When Oscar Wilde arrived in Charleston, South Carolina, in the summer of 1882, he found the place firmly rooted in the past. One evening he remarked on how beautiful the moon looked. “You should’ve seen it, sir,” he was told, “before the war.”
The American civil war began with the bombardment of Charleston’s Fort Sumter 155 years ago this Tuesday and, since the Confederate army was defeated in 1865, the city has held on to a nostalgic vision of its history. The pastel-hued colonial homes, the old theatres and municipal buildings, the Palmetto trees and cobblestone streets all remain, and today form much of the appeal for homebuyers.

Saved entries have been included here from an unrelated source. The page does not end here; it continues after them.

(* Let $E$ be a finite graph, i.e. a metric continuum that is the union of finitely many arcs $E_1,\dots,E_r$ ($r\ge1$), any two of which are either disjoint or intersect only in one or both of their end points. Then there exists an onto map $F:E\to E$ that is topologically transitive (indeed has a dense orbit) and has a dense set of periodic points; $F$ is chaotic on $E$.
   Context: A map $g$ on a metric space $(Z,d)$ is chaotic (Devaney) if it is onto, topologically transitive (for nonempty open $U,V$ there is $n>0$ with $g^n(U)\cap V\neq\emptyset$), has a dense set of periodic points, and is sensitive to initial conditions (there is $\eta>0$ such that for every $x$ and every neighbourhood $N$ of $x$ there are $y\in N$ and $n\ge0$ with $d(g^n(x),g^n(y))>\eta$). An arc is a space homeomorphic to $[0,1]$; its end points are the images of $0$ and $1$. *)

theory Defs
  imports "HOL-Analysis.Analysis"
begin

definition finite_graph :: "'a::metric_space set \<Rightarrow> bool" where
  "finite_graph E \<longleftrightarrow> E \<noteq> {} \<and> compact E \<and> connected E \<and>
     (\<exists>r::nat. \<exists>g :: nat \<Rightarrow> real \<Rightarrow> 'a. r \<ge> 1 \<and> (\<forall>i<r. arc (g i)) \<and>
        E = (\<Union>i<r. path_image (g i)) \<and>
        (\<forall>i<r. \<forall>j<r. i \<noteq> j \<longrightarrow>
            path_image (g i) \<inter> path_image (g j)
              \<subseteq> {pathstart (g i), pathfinish (g i)} \<inter> {pathstart (g j), pathfinish (g j)}))"

definition topologically_transitive_on :: "'a::metric_space set \<Rightarrow> ('a \<Rightarrow> 'a) \<Rightarrow> bool" where
  "topologically_transitive_on E g \<longleftrightarrow>
     (\<forall>U V. openin (top_of_set E) U \<and> openin (top_of_set E) V \<and> U \<noteq> {} \<and> V \<noteq> {} \<longrightarrow>
        (\<exists>n>0. (g ^^ n) ` U \<inter> V \<noteq> {}))"

definition periodic_points_dense_on :: "'a::metric_space set \<Rightarrow> ('a \<Rightarrow> 'a) \<Rightarrow> bool" where
  "periodic_points_dense_on E g \<longleftrightarrow> E \<subseteq> closure {x \<in> E. \<exists>n>0. (g ^^ n) x = x}"

definition sensitive_on :: "'a::metric_space set \<Rightarrow> ('a \<Rightarrow> 'a) \<Rightarrow> bool" where
  "sensitive_on E g \<longleftrightarrow> (\<exists>\<eta>>0. \<forall>x\<in>E. \<forall>N. N \<subseteq> E \<and> x \<in> N \<and>
       (\<exists>U. openin (top_of_set E) U \<and> x \<in> U \<and> U \<subseteq> N) \<longrightarrow>
       (\<exists>y\<in>N. \<exists>n. dist ((g ^^ n) x) ((g ^^ n) y) > \<eta>))"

However, in recent years, the city has developed a reputation for innovation and change, drawing an influx of younger buyers from Europe and the US. Between 2000 and 2012, the population of 25-35 year-olds grew 58 percent, according to a report from the Charleston Regional Development Alliance. As of last year, millennials made up 15.7 percent of the population — the highest proportion of any “mid-level” metropolitan area in the country (cities with 500,000 to one million people).
It’s an increase some have linked to the blossoming tech sector. The city’s Charleston Digital Corridor, an initiative promoting and developing 294 local technology companies, has helped it earn the moniker “Silicon Harbour”.